Should Main Street be closed?

Conceptual rendering of Old Second Street restored as a pedestrian plaza.

Should Main Street be closed to traffic? This idea comes up regularly. It’s typically from those who, with good intention, want to increase the social experience we all love during Main Street events. In response to this enthusiasm, most business owners downtown are quick to offer a firm, but polite, “No.” More than a few experts have said that closing Main Street in Tucker would be awful for business and traffic.  We agree.

Jeff Speck, author of Walkable City Rules, points out that roughly two hundred US towns closed their Main Streets to cars in the twentieth century and between 85% and 95% failed and failed quickly. Speck says that to “avoid repeating that experience, we must create new pedestrian zones . . . and we must get the details right.”

How can Tucker get the details right? Some of the answers are in the Downtown Tucker Grid Plan. Answers that support the demands of both the auto world and pedestrians without undermining either.  In addition to restoring the alleys for pedestrian use, the Grid Plan goes back to 1892 and traces the history of land transactions up to the present with an emphasis on the original right of way. This is where the forgotten former Second Street, just 400 ft. from Main Street, comes into focus.

Blue print of Downtown Tucker showing the original streets. Third Street is Main Street.

When we start talking about the former Second Street it begins to sound like an Abbott and Costello skit. We’ll skip that dialogue for now and say that the current Second Street was originally named First Street. At some point the original Second Street was sold to private property owners, was no longer used as a road, and First Street was renamed Second Street.

Arial view the future town green showing the location of Old Second Street.

This is where opportunity enters. Roughly half of the former Second Street, or “Old Second Street” for the sake of clarity, has remained undeveloped for over a century.  It sits in the middle of property that, as a result of the Downtown Tucker Grid Plan, was acquired by the City of Tucker last year to develop into a town green.

Concept for the town green from the Downtown Tucker Grid Plan .

The focus of the Grid Plan is the restoration and expansion of Downtown Tucker’s street and alley grid. It’s the kind of thing urban planners dream of having an opportunity to work on, but seldom see.

Rather than closing a street, and rather than creating a green space so expansive it feels like a soccer field, the concept in the Grid Plan restores the available section of Old Second Street to a pedestrian plaza within the framework of the town green.

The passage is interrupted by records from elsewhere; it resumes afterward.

(* Let $G$ be a connected weighted undirected graph on $N$ vertices with positive edge weights and combinatorial Laplacian $L$. Let $P \in \mathbb{R}^{n\times N}$ be a coarsening matrix with respect to $G$, and let $P^+$ be its Moore–Penrose pseudoinverse. Then $L_c = (P^+)^\top L P^+$ is the combinatorial Laplacian of some weighted graph (with nonnegative weights) if and only if all nonzero entries of $P^+$ are equal.
   Context: The combinatorial Laplacian of a weighted graph with weights $w_{ij}\ge 0$ is $L(i,i) = \deg_i = \sum_j w_{ij}$, $L(i,j) = -w_{ij}$ for $i\ne j$. A matrix $P\in\mathbb{R}^{n\times N}$ is a coarsening matrix w.r.t. $G$ if: (a) every column of $P$ has exactly one nonzero entry and every row is nonzero (i.e., each vertex of $G$ is assigned to exactly one row); (b) for every row $r$, the subgraph of $G$ induced by the vertices $\{v_i : P(r,i)\ne 0\}$ is connected. *)

theory Defs
  imports "HOL-Analysis.Analysis"
begin

text \<open>A weighted undirected graph on the vertex type 'v (finite) is given by its weight
  function: nonnegative, symmetric, no self-loops. Edges are the pairs with positive weight.\<close>
definition weighted_graph :: "('v::finite \<Rightarrow> 'v \<Rightarrow> real) \<Rightarrow> bool" where
  "weighted_graph w \<longleftrightarrow> (\<forall>i j. w i j \<ge> 0) \<and> (\<forall>i j. w i j = w j i) \<and> (\<forall>i. w i i = 0)"

definition laplacian :: "('v::finite \<Rightarrow> 'v \<Rightarrow> real) \<Rightarrow> real^'v^'v" where
  "laplacian w = (\<chi> i j. if i = j then (\<Sum>k\<in>UNIV. w i k) else - w i j)"

definition is_comb_laplacian :: "real^'v^'v \<Rightarrow> bool" where
  "is_comb_laplacian M \<longleftrightarrow> (\<exists>w. weighted_graph w \<and> M = laplacian (w :: 'v::finite \<Rightarrow> 'v \<Rightarrow> real))"

definition induced_connected :: "('v \<Rightarrow> 'v \<Rightarrow> real) \<Rightarrow> 'v set \<Rightarrow> bool" where
  "induced_connected w S \<longleftrightarrow>
     (\<forall>i\<in>S. \<forall>j\<in>S. (\<lambda>a b. a \<in> S \<and> b \<in> S \<and> w a b > 0)\<^sup>*\<^sup>* i j)"

definition connected_graph :: "('v \<Rightarrow> 'v \<Rightarrow> real) \<Rightarrow> bool" where
  "connected_graph w \<longleftrightarrow> induced_connected w UNIV"

definition coarsening_matrix :: "('v \<Rightarrow> 'v \<Rightarrow> real) \<Rightarrow> real^'v^'r \<Rightarrow> bool" where
  "coarsening_matrix w P \<longleftrightarrow>
     (\<forall>i. \<exists>!r. P $ r $ i \<noteq> 0) \<and>
     (\<forall>r. \<exists>i. P $ r $ i \<noteq> 0) \<and>
     (\<forall>r. induced_connected w {i. P $ r $ i \<noteq> 0})"

text \<open>Moore--Penrose pseudoinverse, via the four Penrose conditions (unique solution).\<close>
definition penrose_conds :: "real^'n^'m \<Rightarrow> real^'m^'n \<Rightarrow> bool" where
  "penrose_conds A X \<longleftrightarrow>
     A ** X ** A = A \<and> X ** A ** X = X \<and>
     transpose (A ** X) = A ** X \<and> transpose (X ** A) = X ** A"

definition pinv :: "real^'n^'m \<Rightarrow> real^'m^'n" where
  "pinv A = (THE X. penrose_conds A X)"

end

theory Submission imports Defs begin
(* Let $K$ be a complex with the maximum number of facets among all complexes in $\mathcal{K}(n,r,\beta)$. Then $K$ contains every $r$-element subset of $V(K)$ as an $(r-1)$-face, and $K$ is $(r-1)$-path connected.
   Context: A (finite abstract) simplicial complex $K$ on a finite vertex set $V(K)$ is a family of subsets of $V(K)$ closed under taking subsets and containing every singleton; it is on $n$ vertices if $|V(K)|=n$. An $i$-face is a member of cardinality $i+1$; facets are inclusion-maximal faces; $K$ is pure if all facets have the same dimension. Two distinct $i$-faces are up-neighbors if their union is an $(i+1)$-face. $K$ is $i$-path connected if for any two $i$-faces $F,G$ there is a sequence $F=F_1,\dots,F_m=G$ of $i$-faces in which consecutive terms are up-neighbors. $\beta_r(K)=\dim_{\mathbb R}H_r(K;\mathbb R)$. $\mathcal{K}(n,r,\beta)$ denotes the set of pure $r$-dimensional simplicial complexes on $n$ vertices with $\beta_r=\beta$ ($r\ge 1$). *)

theory Defs
  imports Complex_Main "HOL-Library.Function_Algebras"
begin

text \<open>Vertices are linearly ordered, which
  fixes the orientation used for simplicial chains.\<close>

definition simplicial_complex :: "'a set set \<Rightarrow> bool" where
  "simplicial_complex K \<longleftrightarrow> K \<noteq> {} \<and> finite (\<Union>K) \<and> (\<forall>F\<in>K. \<forall>G. G \<subseteq> F \<longrightarrow> G \<in> K)"
lemma variance_real_cond_exp_tradeoff:
  fixes f g :: "'a \<Rightarrow> real" and lam :: real
  assumes F: "sigma_finite_subalgebra M F"
    and f [measurable]: "f \<in> borel_measurable M" and f2: "integrable M (\<lambda>x. (f x)\<^sup>2)"
    and g [measurable]: "g \<in> borel_measurable M" and g2: "integrable M (\<lambda>x. (g x)\<^sup>2)"
    and "0 < variance f" "0 < variance g" "0 \<le> lam"
  shows "(1/2) * (lam * variance f - variance g
      - sqrt ((variance g)\<^sup>2 + lam\<^sup>2 * (variance f)\<^sup>2
        - 2 * lam * variance f * variance g * (2 * (correlation M g f)\<^sup>2 - 1)))
    \<le> lam * variance (real_cond_exp M F f) - variance (real_cond_exp M F g)"
proof -
  interpret F: sigma_finite_subalgebra M F by fact
  define U V where "U = real_cond_exp M F f" and "V = real_cond_exp M F g"
  have U [measurable]: "U \<in> borel_measurable M" and V [measurable]: "V \<in> borel_measurable M"
    unfolding U_def V_def by auto
  have "integrable M f" "integrable M g"
    using f2 g2 by (auto intro: square_integrable_imp_integrable)
  then have U2: "integrable M (\<lambda>x. (U x)\<^sup>2)" and V2: "integrable M (\<lambda>x. (V x)\<^sup>2)"
    unfolding U_def V_def using f2 g2 F.square_integrable_real_cond_exp by auto
  have "integrable M (\<lambda>x. (f x - U x)\<^sup>2)" "integrable M (\<lambda>x. (g x - V x)\<^sup>2)"
    using f2 g2 U2 V2 by (auto intro: integrable_square_diff)
  then have "(\<integral>x. (g x - V x) * (f x - U x) \<partial>M)\<^sup>2
      \<le> (\<integral>x. (f x - U x)\<^sup>2 \<partial>M) * (\<integral>x. (g x - V x)\<^sup>2 \<partial>M)"
    using integral_mult_square_le[of "\<lambda>x. g x - V x" M "\<lambda>x. f x - U x"]
    by (simp add: mult.commute)
  moreover have "(covariance M V U)\<^sup>2 \<le> variance U * variance V"
    using covariance_square_le[OF V U V2 U2] by (simp add: mult.commute)
  moreover have "variance f = variance U + (\<integral>x. (f x - U x)\<^sup>2 \<partial>M)"
    using covariance_real_cond_exp_decomposition[OF F f f2 f f2]
    unfolding variance_eq_covariance by (simp add: power2_eq_square U_def)
  moreover have "variance g = variance V + (\<integral>x. (g x - V x)\<^sup>2 \<partial>M)"
    using covariance_real_cond_exp_decomposition[OF F g g2 g g2]
    unfolding variance_eq_covariance by (simp add: power2_eq_square V_def)
  moreover have "covariance M g f = covariance M V U + (\<integral>x. (g x - V x) * (f x - U x) \<partial>M)"
    using covariance_real_cond_exp_decomposition[OF F g g2 f f2] by (simp add: U_def V_def)
  ultimately show ?thesis
    unfolding U_def[symmetric] V_def[symmetric]
    by (intro tradeoff_lower_bound) (use assms in \<open>auto simp: correlation_def\<close>)
qed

Another view of Old Second Street as a pedestrian area free from traffic.

It becomes an outdoor living room. A space for dining and conversation where hundreds can gather. The same width as the former street with trees on each side to create a sense of a closed in space like Main Street. Demarcations on the ground, similar to the spaces dividing the sidewalk from a street, string lights, and of course all of it for pedestrian use only.

Conceptual rendering of Tucker’s town green on Railroad Avenue west of Main Street.

The opportunity to resurrect Old Second Street in Downtown Tucker is a strong nod to the wisdom of the past and a way to accomplish many of the spatial, social, and economic goals of closing Main Street without the disastrous pitfalls endured by other communities.